Folha de S. Paulo


Cientistas modificam HIV e conseguem causar Aids em macacos

Um desafio crucial enfrentado por pesquisas que desenvolvem drogas contra a Aids é a impossibilidade de testá-las em cobaias. Os únicos animais que contraem o HIV e desenvolvem uma doença são os humanos. Uma versão alterada do vírus criada nos EUA, porém, infecta macacos, e traz a esperança de acelerar ensaios clínicos.

Para tornar o HIV capaz de infectar os animais da espécie asiática Maccaca nemestrina, os cientistas inseriram nele uma pequena parte do código genético do SIV (vírus de imunodeficiência símia) que infecta macacos na natureza e é um parente relativamente distante do patógeno causador da Aids.

Em estudo na revista "Science", cientistas de uma colaboração que envolveu seis laboratórios descrevem como construíram o vírus, um trabalho de oito anos.

A ideia era fazer com que as proteínas que o patógeno exibe em sua superfície fossem capazes de se conectar às proteínas das células T CD4+ do sistema imune dos macacos e desativar seu sistema de defesa. Essas são as células que, nos humanos, são atacadas pelo HIV.
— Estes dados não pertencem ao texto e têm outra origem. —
lemma wf_mtree_parent_unique:
  "wf_mtree u \<Longrightarrow> MNode ds \<in> subtrees u \<Longrightarrow> MNode ds' \<in> subtrees u
    \<Longrightarrow> d \<in> set ds \<Longrightarrow> d \<in> set ds' \<Longrightarrow> ds = ds'"
proof (induction u)
  case (MNode es)
  have lab_d: "lab d \<inter> lab d \<noteq> {}"
    using MNode.prems wf_mtree_subtrees child_in_subtrees wf_mtree_lab_nonempty by blast
  have not_below_child: False
    if "d \<in> set es" "e \<in> set es" "MNode fs \<in> subtrees e" "d \<in> set fs" for fs e
  proof -
    have "d = e"
      using wf_mtree_overlapping_subtrees_same_child[OF MNode.prems(1) that(1) subtrees_refl
          that(2) child_in_subtrees[OF that(3,4)] lab_d] .
    then show False
      using child_ne_ancestor[OF that(3,4)] by blast
  qed
  consider "ds = es" "ds' = es"
    | e where "e \<in> set es" "MNode ds \<in> subtrees e" "ds' = es"
    | e where "e \<in> set es" "ds = es" "MNode ds' \<in> subtrees e"
    | e e' where "e \<in> set es" "MNode ds \<in> subtrees e" "e' \<in> set es" "MNode ds' \<in> subtrees e'"
    using MNode.prems(2,3) by auto
  then show ?case
  proof cases
    case (4 e e')
    have "e = e'"
      using wf_mtree_overlapping_subtrees_same_child[OF MNode.prems(1) 4(1)
          child_in_subtrees[OF 4(2) MNode.prems(4)] 4(3) child_in_subtrees[OF 4(4) MNode.prems(5)] lab_d] .
    then show ?thesis
      using MNode.IH[OF 4(1) wf_mtree_child[OF MNode.prems(1) 4(1)]] 4 MNode.prems(4,5) by blast
  qed (use not_below_child MNode.prems(4,5) in blast)+
qed simp

lemma parent_rank_child:
  assumes "wf_mtree t" "MNode ds \<in> subtrees t" "d \<in> set ds"
  shows "parent_rank t R d = R (lab (MNode ds))"
proof -
  have "(THE p. p \<in> subtrees t \<and> (\<exists>cs. p = MNode cs \<and> d \<in> set cs)) = MNode ds"
    using assms wf_mtree_parent_unique by (intro the_equality) blast+
  then show ?thesis
    using child_ne_ancestor[OF assms(2,3)] by (simp add: parent_rank_def)
qed

lemma inter_tensor_eq_0_if_column_0:
  assumes "lab u \<subseteq> {1..N}" "i \<in> tidx N D" "\<forall>a\<in>{1..node_rank D R u}. W (lab u) a r = 0"
  shows "inter_tensor R W u r i = 0"
proof (cases u)
  case (MLeaf n)
  then have "i n \<in> {1..D n}"
    using assms(1,2) by (auto simp: tidx_def)
  then show ?thesis
    using assms(3) MLeaf by simp
qed (use assms(3) in simp)

(* W^(c,r) is the only intermediate tensor that may change; the range of rp is needed because
   the vanishing of the edge term is only known for the columns of W^(s) that are used. *)
lemma inter_tensor_eq_if_edge_term_vanishes:
  assumes wf: "wf_mtree t" and s: "s = MNode cs" "s \<in> subtrees t" and c: "c \<in> set cs"
    and agree: "\<And>\<nu> a b. W' \<nu> a b \<noteq> W \<nu> a b \<Longrightarrow> (\<nu> = lab s \<and> a = r) \<or> (\<nu> = lab c \<and> b = r)"
    and vanish: "\<And>V b. V \<in> {W, W'} \<Longrightarrow> b \<in> {1..parent_rank t R s}
      \<Longrightarrow> V (lab s) r b * inter_tensor R V c r i = 0"
  shows "u \<in> subtrees t \<Longrightarrow> rp \<in> {1..parent_rank t R u} \<Longrightarrow> (u = c \<Longrightarrow> rp \<noteq> r)
    \<Longrightarrow> inter_tensor R W' u rp i = inter_tensor R W u rp i"
proof -
  have c_sub: "c \<in> subtrees t"
    using child_in_subtrees s c by blast
  have weight: "W' (lab u) a b = W (lab u) a b"
    if "u \<in> subtrees t" "u = s \<Longrightarrow> a \<noteq> r" "u = c \<Longrightarrow> b \<noteq> r" for u a b
  proof (rule ccontr)
    assume "W' (lab u) a b \<noteq> W (lab u) a b"
    then consider "lab u = lab s" "a = r" | "lab u = lab c" "b = r"
      using agree by blast
    then show False
      using that inj_onD[OF inj_on_lab_subtrees[OF wf], of u] s(2) c_sub by cases blast+
  qed
  show "inter_tensor R W' u rp i = inter_tensor R W u rp i"
    if "u \<in> subtrees t" "rp \<in> {1..parent_rank t R u}" "u = c \<Longrightarrow> rp \<noteq> r" for u rp
    using that
  proof (induction u arbitrary: rp)
    case (MLeaf n)
    then show ?case
      using weight[of "MLeaf n" "i n" rp] s(1) by simp
  next
    case (MNode ds)
    let ?u = "MNode ds"
    show ?case
      unfolding inter_tensor.simps
    proof (rule sum.cong[OF refl])
      fix r' assume r': "r' \<in> {1..R (lab ?u)}"
      let ?term = "\<lambda>V. V (lab ?u) r' rp * prod_list (map (\<lambda>d. inter_tensor R V d r' i) ds)"
      show "?term W' = ?term W"
      proof (cases "?u = s \<and> r' = r")
        case True
        have zero: "?term V = 0" if "V \<in> {W, W'}" for V
        proof -
          have "V (lab s) r rp = 0 \<or> inter_tensor R V c r i = 0"
            using vanish[OF that, of rp] MNode.prems(2) True by simp
          then show ?thesis
            using True c s(1) by (auto simp: prod_list_zero_iff)
        qed
        show ?thesis
          using zero[OF insertI1] zero[OF insertI2[OF singletonI]] by linarith
      next
        case False
        have "inter_tensor R W' d r' i = inter_tensor R W d r' i" if d: "d \<in> set ds" for d
        proof (rule MNode.IH[OF d])
          show "d \<in> subtrees t"
            using child_in_subtrees[OF MNode.prems(1) d] .
          show "r' \<in> {1..parent_rank t R d}"
            using parent_rank_child[OF wf MNode.prems(1) d] r' by simp
          show "r' \<noteq> r" if "d = c"
            using wf_mtree_parent_unique[OF wf MNode.prems(1) s(2)[unfolded s(1)]] d c that False s(1)
            by blast
        qed
        then show ?thesis
          using weight[of ?u r' rp] MNode.prems False by (simp cong: map_cong)
      qed
    qed
  qed
qed

lemma upd_w_apply_neqD:
  "upd_w W \<nu> a b x \<nu>' a' b' \<noteq> W \<nu>' a' b' \<Longrightarrow> \<nu>' = \<nu> \<and> a' = a \<and> b' = b"
  by (simp add: upd_w_def split: if_splits)

lemma end_tensor_eq_if_edge_term_vanishes:
  assumes wf: "wf_mtree t" and s: "s = MNode cs" "s \<in> subtrees t" and c: "c \<in> set cs"
    and agree: "\<And>\<nu> a b. W' \<nu> a b \<noteq> W \<nu> a b \<Longrightarrow> (\<nu> = lab s \<and> a = r) \<or> (\<nu> = lab c \<and> b = r)"
    and vanish: "\<And>V b i. V \<in> {W, W'} \<Longrightarrow> b \<in> {1..parent_rank t R s} \<Longrightarrow> i \<in> tidx N D
      \<Longrightarrow> V (lab s) r b * inter_tensor R V c r i = 0"
  shows "end_tensor N D t R W' = end_tensor N D t R W"
proof
  fix i
  have "t \<noteq> c"
    using child_ne_ancestor s c by blast
  then have "i \<in> tidx N D \<Longrightarrow> inter_tensor R W' t 1 i = inter_tensor R W t 1 i"
    using inter_tensor_eq_if_edge_term_vanishes[OF wf s c agree vanish subtrees_refl]
    by (simp add: parent_rank_def)
  then show "end_tensor N D t R W' i = end_tensor N D t R W i"
    by (simp add: end_tensor_def)
qed

lemma end_tensor_upd_w_row_eq:
  assumes mt: "mode_tree N t" and s: "s = MNode cs" "s \<in> subtrees t" and c: "c \<in> set cs"
    and column_0: "\<forall>a\<in>{1..node_rank D R c}. W (lab c) a r = 0"
  shows "end_tensor N D t R (upd_w W (lab s) r b x) = end_tensor N D t R W"
proof (rule end_tensor_eq_if_edge_term_vanishes[OF wf_mtree_if_mode_tree[OF mt] s c])
  fix V b' i
  assume V: "V \<in> {W, upd_w W (lab s) r b x}" and i: "i \<in> tidx N D"
  have lab_ne: "lab c \<noteq> lab s"
    using wf_mtree_child_lab_psubset wf_mtree_subtrees wf_mtree_if_mode_tree[OF mt] s c by blast
  have "V (lab c) = W (lab c)"
    using V by (auto simp: upd_w_def lab_ne)
  moreover have "c \<in> subtrees t"
    using child_in_subtrees s c by blast
  ultimately have "inter_tensor R V c r i = 0"
    by (intro inter_tensor_eq_0_if_column_0[OF lab_subtrees_mode_tree[OF mt] i]) (simp_all add: column_0)
  then show "V (lab s) r b' * inter_tensor R V c r i = 0"
    by simp
qed (use upd_w_apply_neqD in blast)

lemma end_tensor_upd_w_column_eq:
  assumes wf: "wf_mtree t" and s: "s = MNode cs" "s \<in> subtrees t" and c: "c \<in> set cs"
    and row_0: "\<forall>b\<in>{1..parent_rank t R s}. W (lab s) r b = 0"
  shows "end_tensor N D t R (upd_w W (lab c) a r x) = end_tensor N D t R W"
proof (rule end_tensor_eq_if_edge_term_vanishes[OF wf s c])
  fix V b i
  assume V: "V \<in> {W, upd_w W (lab c) a r x}" and b: "b \<in> {1..parent_rank t R s}"
  have lab_ne: "lab s \<noteq> lab c"
    using wf_mtree_child_lab_psubset wf_mtree_subtrees wf s c by blast
  have "V (lab s) = W (lab s)"
    using V by (auto simp: upd_w_def lab_ne)
  then show "V (lab s) r b * inter_tensor R V c r i = 0"
    using row_0 b by simp
qed (use upd_w_apply_neqD in blast)

theorem lemma11:
  fixes N :: nat and D :: "nat \<Rightarrow> nat" and t :: mtree and R :: "nat set \<Rightarrow> nat"
    and L :: "((nat \<Rightarrow> nat) \<Rightarrow> real) \<Rightarrow> real"
    and W :: "nat set \<Rightarrow> nat \<Rightarrow> nat \<Rightarrow> real"
    and s c :: mtree and cs :: "mtree list" and r :: nat
  assumes "mode_tree N t"
    and "\<forall>T. is_tensor N D T \<longrightarrow> L T \<ge> 0"
    and "tensor_differentiable N D L"
    and "s \<in> subtrees t" and "s = MNode cs" and "c \<in> set cs"
    and "r \<in> {1..R (lab s)}"
    and "\<forall>b\<in>{1..parent_rank t R s}. W (lab s) r b = 0"
    and "\<forall>a\<in>{1..node_rank D R c}. W (lab c) a r = 0"
  shows "(\<forall>b\<in>{1..parent_rank t R s}.
            ((\<lambda>x. phi_H N D t R L (upd_w W (lab s) r b x)) has_real_derivative 0)
              (at (W (lab s) r b)))
       \<and> (\<forall>a\<in>{1..node_rank D R c}.
            ((\<lambda>x. phi_H N D t R L (upd_w W (lab c) a r x)) has_real_derivative 0)
              (at (W (lab c) a r)))"
proof -
  have "end_tensor N D t R (upd_w W (lab s) r b x) = end_tensor N D t R W" for b x
    using end_tensor_upd_w_row_eq assms(1,4-6,9) by blast
  moreover have "end_tensor N D t R (upd_w W (lab c) a r x) = end_tensor N D t R W" for a x
    using end_tensor_upd_w_column_eq wf_mtree_if_mode_tree assms(1,4-6,8) by blast
  ultimately show ?thesis
    by (simp add: phi_H_def)
qed

end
Alex Argozino/Editoria de Arte/Folhapress
HIV em macacos
HIV em macacos

Cientistas começaram o trabalho equipando o HIV com uma proteína de defesa do SIV que lhe permitiu infectar macacos. Ao ser transferido de macaco para macaco quatro vezes, o vírus ganhou adaptações por conta própria, e aprendeu a se conectar melhor a proteínas de superfície das T CD4+ de macacos (veja gráfico acima).

Com as alterações artificiais e mutações induzidas pelo experimento, o HIV já era capaz de adotar macacos como hospedeiros, mas ainda não os deixava com o sistema imune fraco o suficiente para causar Aids. Cientistas viram que isso estava acontecendo porque, mesmo podendo atacar as T CD4+ dos macacos, o HIV alterado estava sendo atacado pelas T CD8+, uma segunda linha de defesa do sistema imune.

Para criar nos macacos um ambiente o mais similar possível ao organismo humano, os cientistas trataram os animais com anticorpos que diminuíam sua população de células T CD8+. Feito isso, os macacos começaram a exibir –pela primeira vez na história da biologia experimental– sintomas da Aids.

SINTOMAS CLÁSSICOS

"Com o sistema imune debilitado, nossos macacos contraíram, por exemplo, a Pneumocystis, uma infecção por fungo que está em livros-texto sobre Aids", disse à Folha Theodora Hatziioannou, do Centro de Pesquisas Aaron Diamond, de Nova York, primeira autora do artigo que descreve o trabalho. Segundo ela, o modelo animal apresentado está pronto para ser usado como plataforma de teste de eficácia de novas drogas antirretrovirais.

"É de fato um grande avanço poder infectar macacos com o HIV, mesmo que modificado", diz Edecio Cunha-Neto, cientista que também usa macacos para testar o protótipo de vacina que a USP desenvolveu. Em seus testes, porém, o desempenho da vacina só pode ser avaliado de maneira indireta nos animais, que não chegam a desenvolver doença nenhuma.

Uma limitação na pesquisa americana é a dependência de inibir células CD8+ artificialmente. Isso impede que o vírus alterado seja usado em testes de vacinas, além de drogas antivirais. "Mas estamos trabalhando para torná-lo patogênico mesmo na presença das CD8+", diz a cientista. "Esperamos conseguir algo dentro de poucos anos."